I've got the partial results posted on the AWRC website

http://www.alaskaworkingretriever.com/


----------



## Franco (Jun 27, 2003)

Howard, a big congrats on the Open second place with Tracker! Way to go big guy! Keep going like this and you may make the RTF cover. :wink:


----------



## Russ (Jan 3, 2003)

Way to go Howard!!

Roy and Kirby just keep truckin'. Kirby must be catching up to Roy in dog years.

Russ


----------



## Andy Carlson (Jan 3, 2003)

Hoorah Howard and Tracker!!  

Andy


----------



## John Otto (Nov 10, 2003)

*Well Done Howard*

Howard,
Congrats on Tracker and your second place finish in the Open. Well done. I see my friend Connie took second in the Q" with her other dog Mickey. I hope to make it up there next year. It sounds like alot of fun...
John


----------



## Howard N (Jan 3, 2003)

> Roy and Kirby just keep truckin'. Kirby must be catching up to Roy in dog years.


Roy isn't as spry as he was a few years ago. But he's still going and going and going and going and.......

Kirby, on the other hand, is nine and a half years old going on nine and a half months. She doesn't know what age and maturity are. 

She has more drive than I'd want to put up with. But I like to watch her.

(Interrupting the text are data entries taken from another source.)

(* Let $\Omega$ be a smooth bounded domain in $\mathbb{R}^N$, $N\ge 2$, and let $2<p<\infty$ if $N=2$, $2<p<2N/(N-2)$ if $N\ge3$. For each $0<\varepsilon\le1$ let $u^\varepsilon$ be a critical point of \[ J_\varepsilon(u) = \int_\Omega \left[\tfrac12 |\nabla u|^2 + \mathcal{B}\!\left(\tfrac{u-1}{\varepsilon}\right) - \tfrac1p (u-1)_+^p\right] dx,\quad u\in H^1_0(\Omega), \] with $J_\varepsilon(u^\varepsilon)=c_\varepsilon$. Let $A_0>0$ be a constant such that $(u^\varepsilon-1)_+^{p-1}\le A_0$ in $\Omega$ for all $0<\varepsilon\le 1$, and let $\varphi_0>0$ solve $-\Delta\varphi_0=A_0$ in $\Omega$, $\varphi_0=0$ on $\partial\Omega$. Then for $0<\varepsilon\le1$, $u^\varepsilon(x)\le\varphi_0(x)$ for all $x\in\Omega$; in particular $\{u^\varepsilon\ge1\}\subset\{\varphi_0\ge1\}\subset\subset\Omega$.
   Context: $t_+=\max\{t,0\}$. $\beta:\mathbb{R}\to[0,2]$ is a fixed smooth function with $\beta(t)=0$ for $t\le0$ and $t\ge1$, $\beta(t)>0$ for $0<t<1$, $\int_0^1\beta=1$; $\mathcal{B}(t)=\int_0^t\beta(s)\,ds$. $\Gamma_\varepsilon=\{\gamma\in C([0,1],H^1_0(\Omega)):\gamma(0)=0,\ J_\varepsilon(\gamma(1))<0\}$ and $c_\varepsilon=\inf_{\gamma\in\Gamma_\varepsilon}\max_{u\in\gamma([0,1])}J_\varepsilon(u)$. Critical points of $J_\varepsilon$ are classical solutions of $\Delta u=\frac1\varepsilon\beta(\frac{u-1}{\varepsilon})-(u-1)_+^{p-1}$ in $\Omega$, $u=0$ on $\partial\Omega$. (Such a constant $A_0$ exists since the $u^\varepsilon$ are uniformly bounded.) *)

theory Defs
  imports "HOL-Analysis.Analysis"
begin

definition pd :: "'a::euclidean_space \<Rightarrow> ('a \<Rightarrow> real) \<Rightarrow> 'a \<Rightarrow> real" where
  "pd b f x = deriv (\<lambda>t. f (x + t *\<^sub>R b)) 0"

definition has_pd :: "'a::euclidean_space \<Rightarrow> ('a \<Rightarrow> real) \<Rightarrow> 'a \<Rightarrow> bool" where
  "has_pd b f x \<longleftrightarrow> (\<lambda>t. f (x + t *\<^sub>R b)) differentiable (at 0)"

fun pds :: "'a::euclidean_space list \<Rightarrow> ('a \<Rightarrow> real) \<Rightarrow> 'a \<Rightarrow> real" where
  "pds [] f = f"
| "pds (b # bs) f = pd b (pds bs f)"

definition C2_on :: "'a::euclidean_space set \<Rightarrow> ('a \<Rightarrow> real) \<Rightarrow> bool" where
  "C2_on S f \<longleftrightarrow> continuous_on S f
     \<and> (\<forall>b\<in>Basis. (\<forall>x\<in>S. has_pd b f x) \<and> continuous_on S (pd b f))
     \<and> (\<forall>b\<in>Basis. \<forall>c\<in>Basis. (\<forall>x\<in>S. has_pd c (pd b f) x) \<and> continuous_on S (pd c (pd b f)))"

definition smooth_on :: "'a::euclidean_space set \<Rightarrow> ('a \<Rightarrow> real) \<Rightarrow> bool" where
  "smooth_on S f \<longleftrightarrow> (\<forall>bs. set bs \<subseteq> Basis \<longrightarrow>
      continuous_on S (pds bs f) \<and> (\<forall>b\<in>Basis. \<forall>x\<in>S. has_pd b (pds bs f) x))"

definition laplacian :: "('a::euclidean_space \<Rightarrow> real) \<Rightarrow> 'a \<Rightarrow> real" where
  "laplacian f x = (\<Sum>b\<in>Basis. pd b (pd b f) x)"

definition smooth_bounded_domain :: "'a::euclidean_space set \<Rightarrow> bool" where
  "smooth_bounded_domain \<Omega> \<longleftrightarrow> open \<Omega> \<and> connected \<Omega> \<and> \<Omega> \<noteq> {} \<and> bounded \<Omega> \<and>
     (\<forall>z\<in>frontier \<Omega>. \<exists>U \<psi>. open U \<and> z \<in> U \<and> smooth_on U \<psi> \<and>
        (\<forall>x\<in>U. \<exists>b\<in>Basis. pd b \<psi> x \<noteq> 0) \<and> \<Omega> \<inter> U = {x\<in>U. \<psi> x < 0})"

definition pos_part :: "real \<Rightarrow> real" where
  "pos_part t = max t 0"

end

theory Submission
  imports Defs
begin

text \<open>Weak maximum principle. The difference w = u - \<phi>0 satisfies \<Delta>w \<ge> -A0 + A0 = 0 in \<Omega>
  and w = 0 on the boundary. If w were positive somewhere, then for small \<delta> > 0 the
  function w + \<delta>|x|^2, which is strictly subharmonic, would attain its maximum over the
  closure of \<Omega> in the interior; but at an interior maximum every pure second derivative,
  hence the Laplacian, is \<le> 0. The compact inclusion of {\<phi>0 \<ge> 1} in \<Omega> holds because
  \<phi>0 is continuous up to the boundary and vanishes there.\<close>

lemma has_pd_has_real_derivative:
  assumes "has_pd b f x"
  shows "((\<lambda>t. f (x + t *\<^sub>R b)) has_real_derivative pd b f x) (at 0)"
  using assms unfolding has_pd_def pd_def by (simp add: DERIV_deriv_iff_real_differentiable)

lemma has_pd_has_real_derivative_shift:
  assumes "has_pd b f (x + t *\<^sub>R b)"
  shows "((\<lambda>s. f (x + s *\<^sub>R b)) has_real_derivative pd b f (x + t *\<^sub>R b)) (at t)"
proof -
  have "((\<lambda>s. f ((x + t *\<^sub>R b) + s *\<^sub>R b)) has_real_derivative pd b f (x + t *\<^sub>R b)) (at 0)"
    by (rule has_pd_has_real_derivative[OF assms])
  hence "((\<lambda>s. f (x + (s + t) *\<^sub>R b)) has_real_derivative pd b f (x + t *\<^sub>R b)) (at 0)"
    by (simp add: algebra_simps scaleR_add_left)
  thus ?thesis using DERIV_shift[of "\<lambda>s. f (x + s *\<^sub>R b)" _ 0 t] by simp
qed

lemma open_contains_basis_segment:
  fixes x b :: "'a::euclidean_space"
  assumes "open S" "x \<in> S" "b \<in> Basis"
  obtains r where "r > 0" "\<And>t. \<bar>t\<bar> < r \<Longrightarrow> x + t *\<^sub>R b \<in> S"
proof -
  obtain e where e: "e > 0" "ball x e \<subseteq> S" using assms open_contains_ball by blast
  have "x + t *\<^sub>R b \<in> S" if "\<bar>t\<bar> < e" for t
  proof -
    have "dist x (x + t *\<^sub>R b) = \<bar>t\<bar>" using assms(3) by (simp add: dist_norm)
    thus ?thesis using e that by auto
  qed
  thus ?thesis using e that by blast
qed

lemma local_max_second_derivative_nonpos:
  fixes h h' :: "real \<Rightarrow> real"
  assumes r: "r > 0"
    and dh: "\<And>t. \<bar>t\<bar> < r \<Longrightarrow> (h has_real_derivative h' t) (at t)"
    and dh': "(h' has_real_derivative h'') (at 0)"
    and max: "\<And>t. \<bar>t\<bar> < r \<Longrightarrow> h t \<le> h 0"
  shows "h'' \<le> 0"
proof (rule ccontr)
  assume "\<not> h'' \<le> 0"
  hence h'': "h'' > 0" by simp
  have h'0: "h' 0 = 0"
    by (rule DERIV_local_max[OF dh[of 0] r]) (use r max in auto)
  have "((\<lambda>y. (h' y - h' 0) / (y - 0)) \<longlongrightarrow> h'') (at 0)"
    using dh' by (simp add: has_field_derivative_iff)
  hence "\<forall>\<^sub>F y in at 0. (h' y - h' 0) / (y - 0) > 0"
    using h'' by (rule order_tendstoD(1))
  then obtain d where d: "d > 0" "\<And>y. y \<noteq> 0 \<Longrightarrow> dist y 0 < d \<Longrightarrow> (h' y - h' 0) / (y - 0) > 0"
    by (auto simp: eventually_at)
  have h'_pos: "h' y > 0" if "0 < y" "y < d" for y
    using d(2)[of y] that h'0 by (auto simp: zero_less_divide_iff)
  define t where "t = min d r / 2"
  have t: "0 < t" "t < d" "t < r" using d r by (auto simp: t_def)
  obtain y where y: "0 < y" "y < t" "h t - h 0 = (t - 0) * h' y"
    using MVT2[of 0 t h h'] t dh by force
  have "h t - h 0 > 0" using h'_pos[of y] y t by simp
  moreover have "h t \<le> h 0" using max t by auto
  ultimately show False by simp
qed

lemma pd_pd_diff_nonpos_at_max:
  fixes f g :: "'a::euclidean_space \<Rightarrow> real"
  assumes S: "open S" and f: "C2_on S f" and g: "C2_on S g" and z: "z \<in> S" and b: "b \<in> Basis"
    and max: "\<And>y. y \<in> S \<Longrightarrow> f y - g y + c * (norm y)\<^sup>2 \<le> f z - g z + c * (norm z)\<^sup>2"
  shows "pd b (pd b f) z - pd b (pd b g) z + 2 * c \<le> 0"
proof -
  obtain r where r: "r > 0" "\<And>t. \<bar>t\<bar> < r \<Longrightarrow> z + t *\<^sub>R b \<in> S"
    using open_contains_basis_segment[OF S z b] by blast
  have norm_line: "(norm (z + t *\<^sub>R b))\<^sup>2 = z \<bullet> z + 2 * t * (z \<bullet> b) + t\<^sup>2" for t
    unfolding power2_norm_eq_inner using b
    by (simp add: inner_add_left inner_add_right algebra_simps power2_eq_square inner_commute)
  show ?thesis
  proof (rule local_max_second_derivative_nonpos[where r = r
        and h = "\<lambda>t. f (z + t *\<^sub>R b) - g (z + t *\<^sub>R b) + c * (norm (z + t *\<^sub>R b))\<^sup>2"
        and h' = "\<lambda>t. pd b f (z + t *\<^sub>R b) - pd b g (z + t *\<^sub>R b) + c * (2 * (z \<bullet> b) + 2 * t)"])
    show "r > 0" by fact
  next
    fix t :: real
    assume t: "\<bar>t\<bar> < r"
    have "has_pd b f (z + t *\<^sub>R b)" "has_pd b g (z + t *\<^sub>R b)"
      using f g b r(2)[OF t] by (auto simp: C2_on_def)
    note df = has_pd_has_real_derivative_shift[OF this(1)]
      and dg = has_pd_has_real_derivative_shift[OF this(2)]
    show "((\<lambda>t. f (z + t *\<^sub>R b) - g (z + t *\<^sub>R b) + c * (norm (z + t *\<^sub>R b))\<^sup>2) has_real_derivative
        pd b f (z + t *\<^sub>R b) - pd b g (z + t *\<^sub>R b) + c * (2 * (z \<bullet> b) + 2 * t)) (at t)"
      unfolding norm_line by (rule derivative_eq_intros df dg | simp)+
  next
    have "has_pd b (pd b f) z" "has_pd b (pd b g) z"
      using f g b z by (auto simp: C2_on_def)
    note df = has_pd_has_real_derivative[OF this(1)]
      and dg = has_pd_has_real_derivative[OF this(2)]
    show "((\<lambda>t. pd b f (z + t *\<^sub>R b) - pd b g (z + t *\<^sub>R b) + c * (2 * (z \<bullet> b) + 2 * t))
        has_real_derivative pd b (pd b f) z - pd b (pd b g) z + 2 * c) (at 0)"
      by (rule derivative_eq_intros df dg | simp)+
  next
    fix t :: real
    assume "\<bar>t\<bar> < r"
    thus "f (z + t *\<^sub>R b) - g (z + t *\<^sub>R b) + c * (norm (z + t *\<^sub>R b))\<^sup>2
        \<le> f (z + 0 *\<^sub>R b) - g (z + 0 *\<^sub>R b) + c * (norm (z + 0 *\<^sub>R b))\<^sup>2"
      using max r(2) by simp
  qed
qed

lemma laplacian_diff_nonpos_at_max:
  fixes f g :: "'a::euclidean_space \<Rightarrow> real"
  assumes "open S" "C2_on S f" "C2_on S g" "z \<in> S"
    and "\<And>y. y \<in> S \<Longrightarrow> f y - g y + c * (norm y)\<^sup>2 \<le> f z - g z + c * (norm z)\<^sup>2"
  shows "laplacian f z - laplacian g z + real DIM('a) * (2 * c) \<le> 0"
proof -
  have "(\<Sum>b\<in>Basis. pd b (pd b f) z - pd b (pd b g) z + 2 * c) \<le> 0"
    using pd_pd_diff_nonpos_at_max[OF assms(1-4) _ assms(5)] by (intro sum_nonpos) auto
  thus ?thesis by (simp add: laplacian_def sum.distrib sum_subtractf)
qed

lemma weak_comparison_principle:
  fixes f g :: "'a::euclidean_space \<Rightarrow> real"
  assumes S: "open S" "bounded S"
    and f: "C2_on S f" "continuous_on (closure S) f"
    and g: "C2_on S g" "continuous_on (closure S) g"
    and boundary: "\<And>x. x \<in> frontier S \<Longrightarrow> f x \<le> g x"
    and subharmonic: "\<And>x. x \<in> S \<Longrightarrow> laplacian g x \<le> laplacian f x"
    and x: "x \<in> S"
  shows "f x \<le> g x"
proof (rule ccontr)
  assume "\<not> f x \<le> g x"
  define M where "M = f x - g x"
  have M: "M > 0" using \<open>\<not> f x \<le> g x\<close> by (simp add: M_def)
  define K where "K = closure S"
  have "compact K" "bounded K" using S by (simp_all add: K_def compact_closure bounded_closure)
  obtain R where R: "\<And>y. y \<in> K \<Longrightarrow> norm y \<le> R"
    using \<open>bounded K\<close> by (auto simp: bounded_iff)
  have xK: "x \<in> K" using x closure_subset unfolding K_def by blast
  have "R \<ge> 0" using R[OF xK] norm_ge_zero[of x] by linarith
  define \<delta> where "\<delta> = M / (2 * (R\<^sup>2 + 1))"
  have \<delta>: "\<delta> > 0" using M unfolding \<delta>_def by (intro divide_pos_pos) (auto intro: add_nonneg_pos)
  have \<delta>R: "\<delta> * R\<^sup>2 < M"
  proof -
    have "R\<^sup>2 / (2 * (R\<^sup>2 + 1)) < 1" by (subst divide_less_eq_1_pos) (auto intro: add_nonneg_pos)
    hence "M * (R\<^sup>2 / (2 * (R\<^sup>2 + 1))) < M * 1" using M by (intro mult_strict_left_mono)
    thus ?thesis by (simp add: \<delta>_def)
  qed
  define v where "v y = f y - g y + \<delta> * (norm y)\<^sup>2" for y
  have "continuous_on K v" unfolding v_def K_def by (intro continuous_intros f g)
  then obtain z where zK: "z \<in> K" and zmax: "\<And>y. y \<in> K \<Longrightarrow> v y \<le> v z"
    using continuous_attains_sup[OF \<open>compact K\<close>] xK by blast
  have "v x \<ge> M" using \<delta> by (simp add: v_def M_def)
  hence vz: "v z \<ge> M" using zmax[OF xK] by simp
  have zS: "z \<in> S"
  proof (rule ccontr)
    assume "z \<notin> S"
    hence "z \<in> frontier S" using zK S by (simp add: K_def frontier_def interior_open)
    hence "v z \<le> \<delta> * (norm z)\<^sup>2" using boundary by (simp add: v_def)
    also have "\<dots> \<le> \<delta> * R\<^sup>2" using R[OF zK] \<delta> by (intro mult_left_mono power_mono) auto
    finally show False using \<delta>R vz by simp
  qed
  have "laplacian f z - laplacian g z + real DIM('a) * (2 * \<delta>) \<le> 0"
    using zmax closure_subset
    by (intro laplacian_diff_nonpos_at_max[OF S(1) f(1) g(1) zS]) (auto simp: v_def K_def)
  moreover have "real DIM('a) * (2 * \<delta>) > 0" using \<delta> by simp
  ultimately show False using subharmonic[OF zS] by linarith
qed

This is a PS later. I heard she broke on an out of order flyer in the amateur this weekend. There's a lot of go in that girl. She hasn't acknowledged a stupid little thing like years creeping up.


----------



## Chris Kingrea (Jan 3, 2003)

Hey man, you've been keeping secrets. What's going on with the Tracker dude. Thought he was down and out, and resorted to the good life on the couch. Obviously, very ..... wrong ! Good to see y'all back in the groove, and Congratulations on the successful recovery (and RED to boot  ) !


----------



## Howard N (Jan 3, 2003)

Tracker didn't get trained from early July to mid January. 

The pup was running him pretty hard and he was doing fine, no limping since summer. He didn't like it at all when the pup got worked and he didn't.

I started training him one day a week in January. I increased it to two days a week in February and took him to the vet in March. The vet poked and prodded, twisted, and pushed and pulled. He's pretty sure Tracker has a "minor" tear in his left cruciate although he still can't detect any movement. As if a cruciate tear could be "minor." Anyhow, the doc said to run him as it'll rupture whether he runs or not. I'm not so sure it wasn't his back or hips as both hind legs were affected. 

He's been pain free and I don't train him much. I'll only enter him in opens as he has his AFC and I'm not going to go to the National Am even if we qualified. If we qualify for the National Open I'll let him take me to Texas. 

If we do qualify I'll be hasseling you Texans to find out what the grounds are like. 8)


----------



## fetchitgold (Feb 28, 2003)

Chris Kingrea said:


> What's going on with the Tracker dude. Thought he was down and out, and resorted to the good life on the couch.


That's what I thought, too! Many congrats Howard and Tracker!!   


Tracy


----------



## Howard N (Jan 3, 2003)

I've got the final results posted on the AWRC website:

http://www.alaskaworkingretriever.com/


----------